Sorry for the vague title; couldn't think of how to word it more clearly. Here are the highlights of the questions:

Highlights

  • Asking an API design question about the ExifTool for Java library.
  • Here is an example of what the current API looks like.
  • As a USER, the API is super-simple to use because you just pass in Enums for the image metadata you want back.
  • As a DEV, the API somewhat sucks because you cannot easily extend the base class with more Enum types to support additional metadata that may not be supported directly in the lib.
  • Simply pre-defining and supporting "all the metadata" is non-trivial.

Question

Given that setup information, what I am after is trying to find a way to pre-define the 30 or 40 most common metadata flags that people typically want from their images; right now everything is defined as an Enum, but the class is not extensible this way.

If I go the "Class-per-Metadata-flag" route, the extensibility will be simple, but the API will be a lot less friendly to use out of the box.

I will consider making v2.0 of this library Java 8+ if closures offer a really beautiful and simple solution, but otherwise I'd obviously prefer to keep it compatible with more systems (Java 6/7) than less.

Summary

My goals for the library are "simple to use and extend" - I feel I have nailed the "simple to use" aspect with the 1.x release, but the library is not easily extensible and I'd like to correct that in the 2.x series.

I have been sitting on the 2.x release for over a year waiting for inspiration to strike and it has eluded me; I am hoping someone can spot my mistake and I can move the lib forward in a really elegant way.

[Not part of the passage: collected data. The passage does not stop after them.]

lemma profile_has_real_derivative: "(profile l has_real_derivative profile' l t) (at t)"
proof -
  have "((\<lambda>t. Y (l\<^sup>2) (eig (l\<^sup>2)) (b - t)) has_real_derivative Y' (l\<^sup>2) (eig (l\<^sup>2)) (b - t) * (-1)) (at t)"
    by (rule DERIV_chain2[OF Y_has_real_derivative]) (auto intro!: derivative_eq_intros)
  from DERIV_cdivide[OF this, of "profile_mass (l\<^sup>2)"] show ?thesis
    unfolding profile_def[abs_def] profile'_def by simp
qed

lemma profile'_has_real_derivative:
  assumes "0 < l"
  shows "(profile' l has_real_derivative - (- l * speed l + t * l\<^sup>2 + r) / \<alpha> * profile l t) (at t)"
proof -
  let ?s = "l\<^sup>2" let ?\<mu> = "eig (l\<^sup>2)"
  have "((\<lambda>t. Y' ?s ?\<mu> (b - t)) has_real_derivative (?\<mu> - ?s * (b - (b - t))) / \<alpha> * Y ?s ?\<mu> (b - t) * (-1)) (at t)"
    by (rule DERIV_chain2[OF Y'_has_real_derivative]) (auto intro!: derivative_eq_intros)
  from DERIV_minus[OF this] have "((\<lambda>t. - Y' ?s ?\<mu> (b - t)) has_real_derivative
      - (- l * speed l + t * l\<^sup>2 + r) / \<alpha> * Y ?s ?\<mu> (b - t)) (at t)"
    by (rule DERIV_cong) (use alpha_pos in \<open>simp add: speed_eig[OF assms] field_simps\<close>)
  from DERIV_cdivide[OF this, of "profile_mass ?s"] show ?thesis
    unfolding profile'_def[abs_def] profile_def by simp
qed

lemma continuous_on_profile [continuous_intros]: "continuous_on U (profile l)"
  and continuous_on_profile' [continuous_intros]: "0 < l \<Longrightarrow> continuous_on U (profile' l)"
  by (meson DERIV_continuous_on has_field_derivative_at_within
      profile_has_real_derivative profile'_has_real_derivative)+

lemma profile_pos: "0 < l \<Longrightarrow> t \<in> {a..b} \<Longrightarrow> 0 < profile l t"
  unfolding profile_def using Y_eig_pos profile_mass_pos reflect_in_shooting_interval by simp

lemma profile'_a: "0 < l \<Longrightarrow> profile' l a = 0"
  unfolding profile'_def using Y'_eig_L by (simp add: L_def)

lemma profile'_b: "profile' l b = 0"
  unfolding profile'_def by simp

lemma integral_profile: "0 < l \<Longrightarrow> integral {a..b} (profile l) = 1"
  unfolding profile_def[abs_def] using profile_mass_pos[of "l\<^sup>2"] by (simp add: profile_mass_def)

lemma spectral_sol_profile:
  assumes "0 < l" shows "spectral_sol a b \<alpha> r l (speed l) (profile l)"
proof -
  define Q2 where "Q2 t = - (- l * speed l + t * l\<^sup>2 + r) / \<alpha> * profile l t" for t
  have "C2_on_with a b (profile l) (profile' l) Q2"
    unfolding C2_on_with_def
  proof (intro conjI ballI)
    show "(profile l has_real_derivative profile' l t) (at t within {a..b})" for t
      by (rule has_field_derivative_at_within[OF profile_has_real_derivative])
    show "(profile' l has_real_derivative Q2 t) (at t within {a..b})" for t
      unfolding Q2_def by (rule has_field_derivative_at_within[OF profile'_has_real_derivative[OF assms]])
    show "continuous_on {a..b} Q2"
      unfolding Q2_def[abs_def] using alpha_pos by (intro continuous_intros) auto
  qed
  moreover have "\<alpha> * Q2 t + (- l * speed l + t * l\<^sup>2 + r) * profile l t = 0" for t
    using alpha_pos by (simp add: Q2_def field_simps)
  ultimately show ?thesis
    unfolding spectral_sol_def
    using profile'_a[OF assms] profile'_b profile_pos[OF assms] integral_profile[OF assms]
    by (auto intro!: integrable_continuous_interval continuous_intros)
qed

Thank you for the time guys!

like image 236
Riyad Kalla Avatar asked Feb 28 '13 22:02

Riyad Kalla


1 Answers

Java enums are not extensible, but they can implement interfaces.

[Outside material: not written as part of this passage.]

(* Let $X,Y$ be Banach spaces and let $Z$ be a $1$-complemented subspace of $Y$. If $\mathrm{INA}_\pi(X\widehat{\otimes}_\pi Y)=X\widehat{\otimes}_\pi Y$, then $\mathrm{INA}_\pi(X\widehat{\otimes}_\pi Z)=X\widehat{\otimes}_\pi Z$.
   Context: A subspace $Z\subseteq Y$ is $1$-complemented if there is a bounded linear projection $P:Y\to Z$ with $\|P\|=1$. Definition: $u\in X\widehat{\otimes}_\pi Y$ is an integral projective norm-attaining tensor, written $u\in\mathrm{INA}_\pi(X\widehat{\otimes}_\pi Y)$, if there is a finite positive Borel measure $\mu$ on $B_X\times B_Y$ (norm topology) such that $\varphi:B_X\times B_Y\to X\widehat{\otimes}_\pi Y$, $\varphi(x,y)=x\otimes y$, is $\mu$-Bochner integrable, $u=\int_{B_X\times B_Y}x\otimes y\,d\mu(x,y)$ (Bochner integral) and $\|\mu\|=\|u\|_\pi$; then $u$ is said to be witnessed by $\mu$. *)

theory Defs
  imports "HOL-Analysis.Analysis"
begin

You can often get the best of both worlds by defining an interface that providers can implement, and an enum that implements it and contains commonly used instances that the users will be able to use directly:

public interface Pet {
    public String talk();
}
public enum CommonPet implements Pet {
    CAT("Meow!"),
    DOG("Woof! Woof!");

    private final String cry;

    CommonPet(String cry) {
        this.cry = cry;
    }

    @Override
    public String talk() {
        return cry;
    }
}

The API that used to accept instances of the original enum should now take any instance of the interface.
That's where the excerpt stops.